Background Botulinum neurotoxin type A (BoNT‐A) is well‐established for treatment of glabellar lines (GLs), and mostly formulated as powders requiring reconstitution for injection. The approved liquid formulation, ready‐to‐use (RTU) abobotulinumtoxinA was developed to ease injection procedures and prevent reconstitution errors. This multicenter, open‐label, Phase IV study evaluated GL treatment experience using RTU abobotulinumtoxinA versus powder BoNT‐A (onabotulinumtoxinA). Methods Females with experience of BoNT‐A facial treatment were randomized 2:1 to GL treatment with 50 U RTU abobotulinumtoxinA (N = 99) or 20 U powder BoNT‐A (N = 51) and followed‐up for 6 months or 1 month, respectively.

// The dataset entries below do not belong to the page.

(* Let $\mathcal{A} \colon \mathbb{R}^n \to \mathbb{R}^m$ be a linear map with operator norm $\|\mathcal{A}\|$ (with respect to the Euclidean norms). Let $(\mathcal{D}_\theta)_{\theta \in \Theta}$ be a family of maps $\mathcal{D}_\theta \colon \mathbb{R}^n \to \mathbb{R}^n$, each of which is a contraction (Lipschitz with constant strictly less than $1$ in the Euclidean norm). Let $\Omega \colon \mathbb{R}^n \to \mathbb{R}^n$ be nonexpansive (Lipschitz with constant at most $1$). Let $s \in (0, 1/\|\mathcal{A}\|^2)$ and $\lambda \in (0,1)$. Define, for $\mathbf{x}, \mathbf{v} \in \mathbb{R}^n$ and $\mathbf{y} \in \mathbb{R}^m$, $$\mathcal{G}(\mathbf{x},\mathbf{y}) = \mathbf{x} - 2s\,\mathcal{A}^\top(\mathcal{A}\mathbf{x} - \mathbf{y}), \qquad \mathcal{N}_\theta(\mathbf{v}) = \Omega\bigl(\lambda\,\mathcal{D}_\theta(\mathbf{v}) + (1-\lambda)\,\mathbf{v}\bigr).$$ Then for every $\mathbf{y} \in \mathbb{R}^m$ and every $\theta \in \Theta$, the map $\mathbf{x} \mapsto \mathcal{N}_\theta(\mathcal{G}(\mathbf{x},\mathbf{y}))$ from $\mathbb{R}^n$ to $\mathbb{R}^n$ is a contraction and hence has exactly one fixed point $\mathbf{x}^\ast \in \mathbb{R}^n$. In particular, the map $\mathcal{B}_\theta \colon \mathbb{R}^m \to \mathbb{R}^n$, $\mathbf{y} \mapsto \mathbf{x}^\ast$, where $\mathbf{x}^\ast$ is the unique solution of $\mathbf{x}^\ast = \mathcal{N}_\theta(\mathcal{G}(\mathbf{x}^\ast,\mathbf{y}))$, is well defined.
   Context: $\mathcal{A}^\top$ denotes the transpose (adjoint) of $\mathcal{A}$. All norms on $\mathbb{R}^n$ and $\mathbb{R}^m$ are Euclidean, and $\|\mathcal{A}\|$ is the corresponding operator norm. *)

theory Defs
  imports "HOL-Analysis.Analysis"
begin

definition is_contraction :: "('a::metric_space \<Rightarrow> 'a) \<Rightarrow> bool" where
  "is_contraction f \<longleftrightarrow> (\<exists>L<1. L-lipschitz_on UNIV f)"

definition nonexpansive :: "('a::metric_space \<Rightarrow> 'a) \<Rightarrow> bool" where
  "nonexpansive f \<longleftrightarrow> 1-lipschitz_on UNIV f"

end

theory Submission
  imports Defs
begin

text \<open>The gradient step \<open>x \<mapsto> x - 2s A\<^sup>T(A x - y)\<close> is nonexpansive: its linear part satisfies
  \<open>\<parallel>x - 2s A\<^sup>TA x\<parallel>\<^sup>2 = \<parallel>x\<parallel>\<^sup>2 - 4s \<parallel>A x\<parallel>\<^sup>2 + 4s\<^sup>2 \<parallel>A\<^sup>TA x\<parallel>\<^sup>2\<close>, and \<open>\<parallel>A\<^sup>TA x\<parallel> \<le> \<parallel>A\<parallel> \<parallel>A x\<parallel>\<close>
  together with \<open>s \<parallel>A\<parallel>\<^sup>2 \<le> 1\<close> makes the last two terms nonpositive in sum. The relaxed denoiser
  \<open>\<lambda> D\<^sub>\<theta> + (1 - \<lambda>) I\<close> is Lipschitz with constant \<open>\<lambda> L + 1 - \<lambda> < 1\<close>, so composing it with the
  nonexpansive maps \<open>\<Omega>\<close> and the gradient step yields a contraction, whose fixed point exists
  and is unique by Banach's theorem.\<close>

lemma norm_adjoint_le:
  fixes f :: "'a::euclidean_space \<Rightarrow> 'b::euclidean_space"
  assumes "linear f"
  shows "norm (adjoint f y) \<le> onorm f * norm y"
proof -
  let ?z = "adjoint f y"
  have bl: "bounded_linear f" using assms by (simp add: linear_conv_bounded_linear)
  have "(norm ?z)\<^sup>2 = f ?z \<bullet> y"
    by (simp add: adjoint_works[OF assms] dot_square_norm[symmetric])
  also have "\<dots> \<le> norm (f ?z) * norm y" by (rule norm_cauchy_schwarz)
  also have "\<dots> \<le> onorm f * norm ?z * norm y"
    by (intro mult_right_mono onorm[OF bl]) simp
  finally have "norm ?z * norm ?z \<le> norm ?z * (onorm f * norm y)"
    by (simp add: power2_eq_square algebra_simps)
  then show ?thesis
    by (cases "norm ?z = 0") (auto simp: onorm_pos_le[OF bl])
qed

lemma norm_gradient_step_le:
  fixes A :: "'a::euclidean_space \<Rightarrow> 'b::euclidean_space"
  assumes "linear A" and "0 \<le> s" and "s * (onorm A)\<^sup>2 \<le> 1"
  shows "norm (x - (2 * s) *\<^sub>R adjoint A (A x)) \<le> norm x"
proof -
  let ?z = "adjoint A (A x)"
  have "(norm ?z)\<^sup>2 \<le> (onorm A)\<^sup>2 * (norm (A x))\<^sup>2"
    using norm_adjoint_le[OF assms(1), of "A x"]
    by (metis norm_ge_zero power_mono power_mult_distrib)
  then have "s * (norm ?z)\<^sup>2 \<le> (s * (onorm A)\<^sup>2) * (norm (A x))\<^sup>2"
    using assms(2) by (simp add: mult_left_mono mult.assoc)
  also have "\<dots> \<le> (norm (A x))\<^sup>2"
    using assms(2,3) by (intro mult_left_le_one_le) auto
  finally have z_le: "s * (norm ?z)\<^sup>2 \<le> (norm (A x))\<^sup>2" .
  have "(norm (x - (2 * s) *\<^sub>R ?z))\<^sup>2 = (x - (2 * s) *\<^sub>R ?z) \<bullet> (x - (2 * s) *\<^sub>R ?z)"
    by (rule power2_norm_eq_inner)
  also have "\<dots> = x \<bullet> x - 4 * s * (x \<bullet> ?z) + 4 * s * (s * (?z \<bullet> ?z))"
    by (simp add: inner_diff_left inner_diff_right inner_commute algebra_simps)
  also have "\<dots> = (norm x)\<^sup>2 - 4 * s * ((norm (A x))\<^sup>2 - s * (norm ?z)\<^sup>2)"
    by (simp add: adjoint_clauses(1)[OF assms(1)] power2_norm_eq_inner algebra_simps)
  also have "\<dots> \<le> (norm x)\<^sup>2"
    using z_le assms(2) by simp
  finally show ?thesis
    by (simp add: power2_le_iff_abs_le)
qed

lemma nonexpansive_gradient_step:
  fixes A :: "'a::euclidean_space \<Rightarrow> 'b::euclidean_space"
  assumes "linear A" and "0 \<le> s" and "s * (onorm A)\<^sup>2 \<le> 1"
  shows "nonexpansive (\<lambda>x. x - (2 * s) *\<^sub>R adjoint A (A x - y))"
  unfolding nonexpansive_def
proof (rule lipschitz_onI)
  fix a b :: 'a
  have "adjoint A (A a - y) - adjoint A (A b - y) = adjoint A (A (a - b))"
    by (simp add: linear_diff[OF adjoint_linear[OF assms(1)], symmetric] linear_diff[OF assms(1)])
  then have "(a - (2 * s) *\<^sub>R adjoint A (A a - y)) - (b - (2 * s) *\<^sub>R adjoint A (A b - y))
      = (a - b) - (2 * s) *\<^sub>R adjoint A (A (a - b))"
    by (simp add: algebra_simps flip: scaleR_diff_right)
  then show "dist (a - (2 * s) *\<^sub>R adjoint A (A a - y)) (b - (2 * s) *\<^sub>R adjoint A (A b - y))
      \<le> 1 * dist a b"
    using norm_gradient_step_le[OF assms, of "a - b"] by (simp only: dist_norm mult_1)
qed simp

lemma is_contraction_relaxation:
  fixes f :: "'a::real_normed_vector \<Rightarrow> 'a"
  assumes "is_contraction f" and "0 < lam" and "lam \<le> 1"
  shows "is_contraction (\<lambda>v. lam *\<^sub>R f v + (1 - lam) *\<^sub>R v)"
proof -
  obtain L where "L < 1" and L: "L-lipschitz_on UNIV f"
    using assms(1) by (auto simp: is_contraction_def)
  have "(lam * L + (1 - lam) * 1)-lipschitz_on UNIV (\<lambda>v. lam *\<^sub>R f v + (1 - lam) *\<^sub>R v)"
    using assms(2,3)
    by (intro lipschitz_on_add lipschitz_on_cmult_nonneg L lipschitz_on_id) auto
  moreover have "lam * L + (1 - lam) * 1 < 1"
    using \<open>L < 1\<close> assms(2) by simp
  ultimately show ?thesis
    unfolding is_contraction_def by blast
qed

lemma is_contraction_compose_nonexpansive_left:
  assumes "nonexpansive g" and "is_contraction f"
  shows "is_contraction (\<lambda>x. g (f x))"
proof -
  obtain L where "L < 1" and "L-lipschitz_on UNIV f"
    using assms(2) by (auto simp: is_contraction_def)
  then have "(1 * L)-lipschitz_on UNIV (\<lambda>x. g (f x))"
    using assms(1) by (intro lipschitz_on_compose2) (auto simp: nonexpansive_def intro: lipschitz_on_subset)
  with \<open>L < 1\<close> show ?thesis
    unfolding is_contraction_def by auto
qed

lemma is_contraction_compose_nonexpansive_right:
  assumes "is_contraction f" and "nonexpansive h"
  shows "is_contraction (\<lambda>x. f (h x))"
proof -
  obtain L where "L < 1" and "L-lipschitz_on UNIV f"
    using assms(1) by (auto simp: is_contraction_def)
  then have "(L * 1)-lipschitz_on UNIV (\<lambda>x. f (h x))"
    using assms(2) by (intro lipschitz_on_compose2) (auto simp: nonexpansive_def intro: lipschitz_on_subset)
  with \<open>L < 1\<close> show ?thesis
    unfolding is_contraction_def by auto
qed

lemma is_contraction_unique_fixpoint:
  fixes f :: "'a::complete_space \<Rightarrow> 'a"
  assumes "is_contraction f"
  shows "\<exists>!x. f x = x"
proof -
  obtain L where "L < 1" and L: "L-lipschitz_on UNIV f"
    using assms by (auto simp: is_contraction_def)
  show ?thesis
    using lipschitz_on_nonneg[OF L] \<open>L < 1\<close> lipschitz_onD[OF L]
    by (intro banach_fix_type) auto
qed

theorem mainTheorem1:
  fixes A :: "real ^ 'n \<Rightarrow> real ^ 'm"
    and D :: "'t \<Rightarrow> real ^ 'n \<Rightarrow> real ^ 'n"
    and \<Theta> :: "'t set"
    and \<Omega> :: "real ^ 'n \<Rightarrow> real ^ 'n"
    and s lam :: real
  assumes linA: "linear A"
    and contr: "\<forall>\<theta>\<in>\<Theta>. is_contraction (D \<theta>)"
    and nonexp: "nonexpansive \<Omega>"
    and s_pos: "0 < s" and s_bound: "s * (onorm A)\<^sup>2 < 1"
    and lam: "0 < lam" "lam < 1"
  defines "G \<equiv> (\<lambda>x y. x - (2 * s) *\<^sub>R adjoint A (A x - y))"
    and "N \<equiv> (\<lambda>\<theta> v. \<Omega> (lam *\<^sub>R D \<theta> v + (1 - lam) *\<^sub>R v))"
  shows "\<forall>y. \<forall>\<theta>\<in>\<Theta>. is_contraction (\<lambda>x. N \<theta> (G x y)) \<and> (\<exists>!x. x = N \<theta> (G x y))"
proof (intro allI ballI)
  fix y \<theta> assume "\<theta> \<in> \<Theta>"
  have "is_contraction (N \<theta>)"
    unfolding N_def using contr \<open>\<theta> \<in> \<Theta>\<close> lam
    by (intro is_contraction_compose_nonexpansive_left[OF nonexp] is_contraction_relaxation) auto
  moreover have "nonexpansive (\<lambda>x. G x y)"
    unfolding G_def using linA s_pos s_bound by (intro nonexpansive_gradient_step) auto
  ultimately have "is_contraction (\<lambda>x. N \<theta> (G x y))"
    by (rule is_contraction_compose_nonexpansive_right)
  then show "is_contraction (\<lambda>x. N \<theta> (G x y)) \<and> (\<exists>!x. x = N \<theta> (G x y))"
    using is_contraction_unique_fixpoint by (metis (no_types, lifting))
qed

end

Assessments included: time to prepare each product for injection (primary endpoint); investigators' experience with product preparation/reconstitution; investigators' and subjects' treatment experience; safety; and for the RTU product: aesthetic improvement of GLs; subject satisfaction. Results Compared with powder BoNT‐A, RTU abobotulinumtoxinA required statistically significantly less preparation time (mean 0:33 vs. 1:34 min: s; p < 0.0001). Investigators preferred RTU abobotulinumtoxinA over powder BoNT‐A (81% of treatment sessions) and found it allowed more time to communicate with subjects (97%). All investigators (100%) also found it easy‐to‐use, easy‐to‐learn, and that it fulfilled their expectations. Subjects found the RTU abobotulinumtoxinA treatment comfortable (91%), and through 6 months posttreatment, most reported satisfaction with their appearance (≥88%), looking natural (≥95%) and refreshed (≥80%). At Month 1, 99% of RTU‐treated subjects had investigator‐assessed improved aesthetic appearance in GLs, maintained in 76% at Month 6. No serious adverse events occurred. Conclusion RTU abobotulinumtoxinA for GL treatment is well‐tolerated, efficacious, shows high levels of subject satisfaction throughout 6 months, saves time, and is preferred by clinicians over powder BoNT‐A. ClinicalTrials.gov Registry NCT05277337.